Stored data entries

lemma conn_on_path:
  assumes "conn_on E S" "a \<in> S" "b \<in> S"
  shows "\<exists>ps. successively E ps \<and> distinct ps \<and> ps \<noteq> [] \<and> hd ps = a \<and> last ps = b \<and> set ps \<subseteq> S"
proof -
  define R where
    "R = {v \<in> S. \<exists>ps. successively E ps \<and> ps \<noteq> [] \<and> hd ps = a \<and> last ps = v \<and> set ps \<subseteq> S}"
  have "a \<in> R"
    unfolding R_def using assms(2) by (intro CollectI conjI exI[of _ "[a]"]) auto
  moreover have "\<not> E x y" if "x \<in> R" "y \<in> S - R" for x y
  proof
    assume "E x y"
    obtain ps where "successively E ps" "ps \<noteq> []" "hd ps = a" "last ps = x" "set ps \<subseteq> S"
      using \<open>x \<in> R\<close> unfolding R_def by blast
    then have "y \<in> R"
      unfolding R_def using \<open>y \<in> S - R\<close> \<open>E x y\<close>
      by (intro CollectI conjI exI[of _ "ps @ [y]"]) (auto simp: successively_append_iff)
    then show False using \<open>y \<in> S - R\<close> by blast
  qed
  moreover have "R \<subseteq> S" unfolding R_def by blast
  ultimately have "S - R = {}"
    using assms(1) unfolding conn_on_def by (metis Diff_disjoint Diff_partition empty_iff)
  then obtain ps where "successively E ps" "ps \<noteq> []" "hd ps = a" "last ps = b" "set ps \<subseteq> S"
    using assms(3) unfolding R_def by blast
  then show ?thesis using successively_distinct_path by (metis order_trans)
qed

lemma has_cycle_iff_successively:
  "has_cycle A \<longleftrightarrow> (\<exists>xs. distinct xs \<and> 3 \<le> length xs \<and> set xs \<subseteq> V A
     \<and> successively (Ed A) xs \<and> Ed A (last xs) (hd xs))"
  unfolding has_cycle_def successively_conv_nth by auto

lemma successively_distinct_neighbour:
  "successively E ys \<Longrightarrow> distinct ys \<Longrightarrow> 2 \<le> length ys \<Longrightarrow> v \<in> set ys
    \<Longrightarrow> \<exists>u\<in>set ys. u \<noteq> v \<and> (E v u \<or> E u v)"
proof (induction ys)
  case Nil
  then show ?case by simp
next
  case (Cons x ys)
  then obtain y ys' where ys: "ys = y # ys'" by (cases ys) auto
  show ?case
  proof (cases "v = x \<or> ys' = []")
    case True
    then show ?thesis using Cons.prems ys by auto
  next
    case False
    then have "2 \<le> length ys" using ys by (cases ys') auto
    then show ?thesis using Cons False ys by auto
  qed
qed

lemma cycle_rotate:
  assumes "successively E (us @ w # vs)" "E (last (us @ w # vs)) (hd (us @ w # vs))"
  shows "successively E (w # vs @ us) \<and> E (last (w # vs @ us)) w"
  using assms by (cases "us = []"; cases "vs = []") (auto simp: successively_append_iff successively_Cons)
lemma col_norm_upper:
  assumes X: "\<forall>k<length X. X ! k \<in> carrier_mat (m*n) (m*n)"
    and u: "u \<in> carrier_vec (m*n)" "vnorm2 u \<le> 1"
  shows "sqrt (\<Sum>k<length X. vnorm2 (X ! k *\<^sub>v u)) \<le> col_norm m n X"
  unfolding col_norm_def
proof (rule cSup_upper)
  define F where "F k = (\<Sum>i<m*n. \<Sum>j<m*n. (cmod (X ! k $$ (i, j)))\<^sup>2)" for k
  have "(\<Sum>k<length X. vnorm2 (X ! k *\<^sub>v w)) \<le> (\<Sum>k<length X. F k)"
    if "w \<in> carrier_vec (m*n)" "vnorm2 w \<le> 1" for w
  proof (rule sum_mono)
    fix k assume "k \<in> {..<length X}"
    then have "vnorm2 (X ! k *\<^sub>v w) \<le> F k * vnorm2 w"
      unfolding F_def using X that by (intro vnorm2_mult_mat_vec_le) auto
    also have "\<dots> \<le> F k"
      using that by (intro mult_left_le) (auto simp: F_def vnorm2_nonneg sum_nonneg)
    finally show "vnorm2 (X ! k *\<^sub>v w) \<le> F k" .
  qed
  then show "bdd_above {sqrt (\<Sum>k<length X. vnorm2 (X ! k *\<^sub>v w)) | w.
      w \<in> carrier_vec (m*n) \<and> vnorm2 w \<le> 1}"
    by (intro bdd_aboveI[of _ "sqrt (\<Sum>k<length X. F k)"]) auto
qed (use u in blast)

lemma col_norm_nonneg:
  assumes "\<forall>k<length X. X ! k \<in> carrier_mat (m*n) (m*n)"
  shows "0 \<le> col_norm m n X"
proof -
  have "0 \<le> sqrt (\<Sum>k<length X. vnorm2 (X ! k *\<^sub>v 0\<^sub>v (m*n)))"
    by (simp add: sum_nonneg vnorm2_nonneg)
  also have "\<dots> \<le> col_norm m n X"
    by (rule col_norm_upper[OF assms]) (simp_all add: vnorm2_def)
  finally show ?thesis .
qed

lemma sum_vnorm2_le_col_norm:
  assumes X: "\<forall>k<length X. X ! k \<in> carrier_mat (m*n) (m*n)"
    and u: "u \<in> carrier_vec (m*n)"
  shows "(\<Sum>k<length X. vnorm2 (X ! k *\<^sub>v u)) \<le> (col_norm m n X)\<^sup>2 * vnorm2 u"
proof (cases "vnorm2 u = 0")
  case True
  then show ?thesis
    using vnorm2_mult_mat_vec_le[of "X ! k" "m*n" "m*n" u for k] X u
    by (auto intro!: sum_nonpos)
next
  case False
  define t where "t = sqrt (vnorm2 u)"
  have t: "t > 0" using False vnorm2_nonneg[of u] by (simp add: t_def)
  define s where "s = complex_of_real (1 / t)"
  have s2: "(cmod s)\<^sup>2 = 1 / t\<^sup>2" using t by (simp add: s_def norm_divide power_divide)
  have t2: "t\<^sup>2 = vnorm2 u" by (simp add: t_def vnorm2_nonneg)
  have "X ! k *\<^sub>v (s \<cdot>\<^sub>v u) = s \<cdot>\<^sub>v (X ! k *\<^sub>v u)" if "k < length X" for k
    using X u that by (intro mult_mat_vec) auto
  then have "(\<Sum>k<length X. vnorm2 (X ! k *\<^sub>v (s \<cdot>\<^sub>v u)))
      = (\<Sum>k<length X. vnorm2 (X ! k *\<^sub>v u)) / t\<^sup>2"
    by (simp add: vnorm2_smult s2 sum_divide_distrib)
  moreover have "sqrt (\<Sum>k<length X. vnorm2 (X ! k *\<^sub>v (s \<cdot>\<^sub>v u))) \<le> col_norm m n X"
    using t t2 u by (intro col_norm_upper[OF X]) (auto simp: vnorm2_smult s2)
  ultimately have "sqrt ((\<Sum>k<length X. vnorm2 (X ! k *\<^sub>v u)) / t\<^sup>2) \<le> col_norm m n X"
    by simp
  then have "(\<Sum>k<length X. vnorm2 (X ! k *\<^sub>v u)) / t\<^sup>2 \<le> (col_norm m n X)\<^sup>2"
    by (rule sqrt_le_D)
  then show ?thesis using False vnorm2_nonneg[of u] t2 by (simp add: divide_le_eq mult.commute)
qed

▶ _Task objective_: Write out only the lines from the very start of the entries above to the line that includes "unfolding R_def using \<open>y", both ends included, each one unchanged.

▶ _Task result_:
lemma conn_on_path:
  assumes "conn_on E S" "a \<in> S" "b \<in> S"
  shows "\<exists>ps. successively E ps \<and> distinct ps \<and> ps \<noteq> [] \<and> hd ps = a \<and> last ps = b \<and> set ps \<subseteq> S"
proof -
  define R where
    "R = {v \<in> S. \<exists>ps. successively E ps \<and> ps \<noteq> [] \<and> hd ps = a \<and> last ps = v \<and> set ps \<subseteq> S}"
  have "a \<in> R"
    unfolding R_def using assms(2) by (intro CollectI conjI exI[of _ "[a]"]) auto
  moreover have "\<not> E x y" if "x \<in> R" "y \<in> S - R" for x y
  proof
    assume "E x y"
    obtain ps where "successively E ps" "ps \<noteq> []" "hd ps = a" "last ps = x" "set ps \<subseteq> S"
      using \<open>x \<in> R\<close> unfolding R_def by blast
    then have "y \<in> R"
      unfolding R_def using \<open>y \<in> S - R\<close> \<open>E x y\<close>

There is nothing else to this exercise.